> [WHAT YOU WILL DO]:
Please show all lines of the records that include "assms".
SOURCE MATERIAL section start
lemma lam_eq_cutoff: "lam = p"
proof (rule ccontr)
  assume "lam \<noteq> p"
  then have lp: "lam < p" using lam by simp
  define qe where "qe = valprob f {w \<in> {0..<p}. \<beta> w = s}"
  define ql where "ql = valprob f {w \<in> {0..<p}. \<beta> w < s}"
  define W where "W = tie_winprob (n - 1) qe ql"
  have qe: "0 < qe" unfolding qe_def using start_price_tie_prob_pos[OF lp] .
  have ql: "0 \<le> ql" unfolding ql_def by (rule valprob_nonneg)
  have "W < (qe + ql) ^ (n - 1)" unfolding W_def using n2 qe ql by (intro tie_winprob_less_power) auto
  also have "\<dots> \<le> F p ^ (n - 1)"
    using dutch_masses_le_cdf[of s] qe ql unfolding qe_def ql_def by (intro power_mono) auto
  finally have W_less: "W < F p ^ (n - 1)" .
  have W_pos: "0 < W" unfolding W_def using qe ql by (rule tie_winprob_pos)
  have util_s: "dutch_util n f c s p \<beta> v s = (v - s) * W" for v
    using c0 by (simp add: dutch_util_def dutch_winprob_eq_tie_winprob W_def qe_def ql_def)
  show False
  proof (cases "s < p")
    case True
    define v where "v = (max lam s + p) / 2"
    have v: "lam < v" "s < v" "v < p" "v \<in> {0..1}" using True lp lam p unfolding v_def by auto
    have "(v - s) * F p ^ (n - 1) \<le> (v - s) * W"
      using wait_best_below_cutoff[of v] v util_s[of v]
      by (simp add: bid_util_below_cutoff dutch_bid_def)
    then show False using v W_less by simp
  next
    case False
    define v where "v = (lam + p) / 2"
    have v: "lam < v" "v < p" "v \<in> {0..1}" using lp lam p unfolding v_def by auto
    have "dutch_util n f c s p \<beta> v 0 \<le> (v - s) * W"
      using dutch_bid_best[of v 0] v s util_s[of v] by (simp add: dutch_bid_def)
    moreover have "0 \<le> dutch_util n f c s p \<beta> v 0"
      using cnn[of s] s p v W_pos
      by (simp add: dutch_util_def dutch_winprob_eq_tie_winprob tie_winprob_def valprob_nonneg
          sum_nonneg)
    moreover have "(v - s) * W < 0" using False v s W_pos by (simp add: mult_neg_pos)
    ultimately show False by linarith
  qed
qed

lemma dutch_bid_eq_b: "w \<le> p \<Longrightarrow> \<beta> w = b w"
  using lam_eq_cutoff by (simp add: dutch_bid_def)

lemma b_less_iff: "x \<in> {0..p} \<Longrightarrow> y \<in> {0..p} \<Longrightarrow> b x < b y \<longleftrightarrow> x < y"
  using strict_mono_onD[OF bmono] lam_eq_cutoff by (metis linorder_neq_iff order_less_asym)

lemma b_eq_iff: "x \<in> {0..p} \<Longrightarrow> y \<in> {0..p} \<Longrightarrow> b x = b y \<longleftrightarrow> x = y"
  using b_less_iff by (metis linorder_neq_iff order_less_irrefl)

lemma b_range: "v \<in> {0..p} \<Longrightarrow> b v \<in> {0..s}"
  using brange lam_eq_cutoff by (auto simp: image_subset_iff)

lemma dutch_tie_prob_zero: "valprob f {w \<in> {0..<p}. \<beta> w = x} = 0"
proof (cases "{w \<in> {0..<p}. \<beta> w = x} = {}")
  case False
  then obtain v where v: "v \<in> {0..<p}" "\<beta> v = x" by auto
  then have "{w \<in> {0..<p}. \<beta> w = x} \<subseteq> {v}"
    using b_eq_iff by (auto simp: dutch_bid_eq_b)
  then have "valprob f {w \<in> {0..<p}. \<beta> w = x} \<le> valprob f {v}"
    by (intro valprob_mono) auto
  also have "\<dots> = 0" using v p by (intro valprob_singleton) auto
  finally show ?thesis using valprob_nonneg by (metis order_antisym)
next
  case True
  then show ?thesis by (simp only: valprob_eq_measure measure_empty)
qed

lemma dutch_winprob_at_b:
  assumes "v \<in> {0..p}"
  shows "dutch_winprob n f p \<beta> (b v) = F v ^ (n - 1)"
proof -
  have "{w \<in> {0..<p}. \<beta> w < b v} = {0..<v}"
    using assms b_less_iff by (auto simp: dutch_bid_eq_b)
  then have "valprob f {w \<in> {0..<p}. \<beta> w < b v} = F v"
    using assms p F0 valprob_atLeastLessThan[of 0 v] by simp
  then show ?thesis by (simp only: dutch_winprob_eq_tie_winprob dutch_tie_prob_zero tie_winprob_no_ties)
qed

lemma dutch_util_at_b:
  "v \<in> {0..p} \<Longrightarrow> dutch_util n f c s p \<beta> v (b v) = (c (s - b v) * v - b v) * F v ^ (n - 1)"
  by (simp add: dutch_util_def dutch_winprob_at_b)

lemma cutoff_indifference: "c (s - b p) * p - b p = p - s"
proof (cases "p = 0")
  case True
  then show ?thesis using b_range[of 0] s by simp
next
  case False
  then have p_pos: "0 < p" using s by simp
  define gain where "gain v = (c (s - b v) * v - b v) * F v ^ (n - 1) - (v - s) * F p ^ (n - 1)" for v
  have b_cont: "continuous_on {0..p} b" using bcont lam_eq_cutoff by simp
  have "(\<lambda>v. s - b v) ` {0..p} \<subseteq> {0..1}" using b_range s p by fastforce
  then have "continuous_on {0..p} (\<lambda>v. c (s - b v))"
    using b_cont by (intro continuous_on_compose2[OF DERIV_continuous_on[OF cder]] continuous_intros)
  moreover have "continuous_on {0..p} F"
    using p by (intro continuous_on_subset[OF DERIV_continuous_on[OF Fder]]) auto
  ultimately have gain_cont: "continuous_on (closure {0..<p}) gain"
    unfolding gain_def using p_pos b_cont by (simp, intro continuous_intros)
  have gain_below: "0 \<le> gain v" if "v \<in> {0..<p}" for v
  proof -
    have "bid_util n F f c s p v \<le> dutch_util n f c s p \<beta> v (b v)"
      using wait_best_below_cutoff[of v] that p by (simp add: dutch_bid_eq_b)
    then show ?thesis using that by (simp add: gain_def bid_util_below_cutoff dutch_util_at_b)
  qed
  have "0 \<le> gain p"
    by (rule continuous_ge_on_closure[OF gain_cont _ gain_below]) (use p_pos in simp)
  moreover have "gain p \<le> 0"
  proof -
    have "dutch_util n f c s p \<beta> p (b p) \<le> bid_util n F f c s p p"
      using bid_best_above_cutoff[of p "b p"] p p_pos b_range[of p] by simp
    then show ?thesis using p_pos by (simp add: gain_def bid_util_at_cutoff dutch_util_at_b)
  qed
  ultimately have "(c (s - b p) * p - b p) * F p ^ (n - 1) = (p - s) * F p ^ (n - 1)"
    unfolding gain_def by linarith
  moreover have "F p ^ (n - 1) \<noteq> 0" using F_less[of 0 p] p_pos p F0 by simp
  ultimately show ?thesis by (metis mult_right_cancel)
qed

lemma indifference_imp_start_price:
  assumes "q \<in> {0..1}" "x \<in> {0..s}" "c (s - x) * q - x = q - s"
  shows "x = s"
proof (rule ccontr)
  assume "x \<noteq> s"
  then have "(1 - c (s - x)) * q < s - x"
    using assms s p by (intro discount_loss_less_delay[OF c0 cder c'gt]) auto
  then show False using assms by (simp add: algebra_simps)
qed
SOURCE MATERIAL section end
SOURCE MATERIAL section start
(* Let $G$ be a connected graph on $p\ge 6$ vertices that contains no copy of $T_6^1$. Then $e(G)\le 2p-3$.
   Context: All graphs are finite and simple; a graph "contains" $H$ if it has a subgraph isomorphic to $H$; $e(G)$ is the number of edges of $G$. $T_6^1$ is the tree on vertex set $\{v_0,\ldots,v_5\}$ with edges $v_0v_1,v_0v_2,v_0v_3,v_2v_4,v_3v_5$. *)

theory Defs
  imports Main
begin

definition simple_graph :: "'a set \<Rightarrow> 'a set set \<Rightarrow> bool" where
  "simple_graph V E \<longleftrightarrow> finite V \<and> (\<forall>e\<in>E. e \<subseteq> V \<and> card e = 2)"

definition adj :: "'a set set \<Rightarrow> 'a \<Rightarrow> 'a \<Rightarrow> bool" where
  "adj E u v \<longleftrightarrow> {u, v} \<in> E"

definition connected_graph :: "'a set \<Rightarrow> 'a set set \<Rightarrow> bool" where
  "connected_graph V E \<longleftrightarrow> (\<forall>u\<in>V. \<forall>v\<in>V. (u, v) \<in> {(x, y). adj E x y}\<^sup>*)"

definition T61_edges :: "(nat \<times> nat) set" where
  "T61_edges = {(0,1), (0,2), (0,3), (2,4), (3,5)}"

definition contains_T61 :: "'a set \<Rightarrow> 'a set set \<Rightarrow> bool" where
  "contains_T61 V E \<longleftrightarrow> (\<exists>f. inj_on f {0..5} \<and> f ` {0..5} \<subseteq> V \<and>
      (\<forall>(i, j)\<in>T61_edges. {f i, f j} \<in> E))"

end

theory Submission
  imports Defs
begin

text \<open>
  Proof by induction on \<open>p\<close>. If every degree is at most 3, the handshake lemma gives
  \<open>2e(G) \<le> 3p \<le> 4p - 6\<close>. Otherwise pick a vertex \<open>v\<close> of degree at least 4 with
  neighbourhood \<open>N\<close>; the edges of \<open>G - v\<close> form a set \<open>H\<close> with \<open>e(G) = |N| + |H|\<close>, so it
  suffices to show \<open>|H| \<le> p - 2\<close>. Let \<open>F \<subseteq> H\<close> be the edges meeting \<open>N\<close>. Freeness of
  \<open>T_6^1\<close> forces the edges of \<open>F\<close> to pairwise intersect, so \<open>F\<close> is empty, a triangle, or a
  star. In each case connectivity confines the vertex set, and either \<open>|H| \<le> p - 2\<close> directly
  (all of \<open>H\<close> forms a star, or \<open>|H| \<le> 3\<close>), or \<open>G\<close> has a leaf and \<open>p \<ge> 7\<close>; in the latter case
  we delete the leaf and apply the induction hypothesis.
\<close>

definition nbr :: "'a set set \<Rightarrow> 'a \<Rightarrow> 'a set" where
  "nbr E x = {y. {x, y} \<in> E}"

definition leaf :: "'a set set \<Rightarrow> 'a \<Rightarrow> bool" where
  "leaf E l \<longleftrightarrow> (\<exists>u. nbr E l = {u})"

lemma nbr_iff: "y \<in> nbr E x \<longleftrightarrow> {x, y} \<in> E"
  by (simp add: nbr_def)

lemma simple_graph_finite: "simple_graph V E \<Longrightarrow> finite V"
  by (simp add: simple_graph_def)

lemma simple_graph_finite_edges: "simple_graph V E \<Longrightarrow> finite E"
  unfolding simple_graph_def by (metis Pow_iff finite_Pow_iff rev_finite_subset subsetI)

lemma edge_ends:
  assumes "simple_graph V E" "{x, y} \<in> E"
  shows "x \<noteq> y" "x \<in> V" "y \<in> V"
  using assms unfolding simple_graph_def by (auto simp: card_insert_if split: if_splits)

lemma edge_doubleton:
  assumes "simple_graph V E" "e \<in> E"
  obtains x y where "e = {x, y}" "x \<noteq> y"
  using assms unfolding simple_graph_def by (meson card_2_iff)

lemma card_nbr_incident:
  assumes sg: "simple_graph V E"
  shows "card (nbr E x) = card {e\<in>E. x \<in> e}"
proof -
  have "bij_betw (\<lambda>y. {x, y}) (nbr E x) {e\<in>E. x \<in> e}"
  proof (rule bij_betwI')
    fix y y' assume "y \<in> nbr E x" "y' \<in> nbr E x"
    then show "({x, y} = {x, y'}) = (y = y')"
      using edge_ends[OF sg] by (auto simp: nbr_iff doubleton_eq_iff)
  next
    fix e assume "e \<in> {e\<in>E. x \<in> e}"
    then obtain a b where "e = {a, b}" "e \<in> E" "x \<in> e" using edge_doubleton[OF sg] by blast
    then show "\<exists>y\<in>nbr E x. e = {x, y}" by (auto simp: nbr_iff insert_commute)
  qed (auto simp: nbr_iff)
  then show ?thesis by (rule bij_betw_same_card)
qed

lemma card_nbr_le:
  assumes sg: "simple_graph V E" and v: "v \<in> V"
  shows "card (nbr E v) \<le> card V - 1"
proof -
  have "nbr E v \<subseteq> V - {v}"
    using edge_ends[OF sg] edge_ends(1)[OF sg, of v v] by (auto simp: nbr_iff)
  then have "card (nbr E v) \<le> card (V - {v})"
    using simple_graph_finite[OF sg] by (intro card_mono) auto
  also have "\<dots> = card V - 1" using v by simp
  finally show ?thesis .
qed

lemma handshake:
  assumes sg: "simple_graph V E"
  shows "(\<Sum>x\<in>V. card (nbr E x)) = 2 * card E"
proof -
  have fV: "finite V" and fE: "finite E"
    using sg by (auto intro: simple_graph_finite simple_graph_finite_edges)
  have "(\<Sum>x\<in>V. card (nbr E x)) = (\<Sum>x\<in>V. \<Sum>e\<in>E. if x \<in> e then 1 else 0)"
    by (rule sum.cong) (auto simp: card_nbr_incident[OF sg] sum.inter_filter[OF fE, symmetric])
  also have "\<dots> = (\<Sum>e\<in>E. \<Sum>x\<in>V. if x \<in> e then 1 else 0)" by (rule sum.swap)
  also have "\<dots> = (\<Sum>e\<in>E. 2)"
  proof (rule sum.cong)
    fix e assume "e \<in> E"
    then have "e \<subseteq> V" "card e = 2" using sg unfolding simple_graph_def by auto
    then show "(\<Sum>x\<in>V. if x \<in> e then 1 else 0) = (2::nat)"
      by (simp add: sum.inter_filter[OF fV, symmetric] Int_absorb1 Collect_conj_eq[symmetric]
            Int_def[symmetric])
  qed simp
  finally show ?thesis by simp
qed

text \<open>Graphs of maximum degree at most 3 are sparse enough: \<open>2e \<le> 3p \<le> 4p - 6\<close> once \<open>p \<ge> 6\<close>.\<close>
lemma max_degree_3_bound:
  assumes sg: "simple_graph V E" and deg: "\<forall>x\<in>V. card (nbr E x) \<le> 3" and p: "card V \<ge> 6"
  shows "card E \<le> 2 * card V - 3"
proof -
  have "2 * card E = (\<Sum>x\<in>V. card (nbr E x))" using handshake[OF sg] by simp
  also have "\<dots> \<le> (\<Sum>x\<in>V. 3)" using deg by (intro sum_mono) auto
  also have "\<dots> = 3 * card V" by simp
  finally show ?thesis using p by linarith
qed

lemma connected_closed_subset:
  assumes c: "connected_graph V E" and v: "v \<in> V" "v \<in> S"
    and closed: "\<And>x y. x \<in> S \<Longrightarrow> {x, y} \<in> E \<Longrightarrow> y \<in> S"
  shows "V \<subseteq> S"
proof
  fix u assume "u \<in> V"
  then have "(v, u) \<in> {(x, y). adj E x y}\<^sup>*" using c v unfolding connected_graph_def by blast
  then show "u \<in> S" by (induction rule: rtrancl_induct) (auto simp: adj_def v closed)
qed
SOURCE MATERIAL section end
> [OUTPUT FOR THIS TASK]:
    using assms b_less_iff by (auto simp: dutch_bid_eq_b)
    using assms p F0 valprob_atLeastLessThan[of 0 v] by simp
    using assms s p by (intro discount_loss_less_delay[OF c0 cder c'gt]) auto
  then show False using assms by (simp add: algebra_simps)
  using assms unfolding simple_graph_def by (auto simp: card_insert_if split: if_splits)
  using assms unfolding simple_graph_def by (meson card_2_iff)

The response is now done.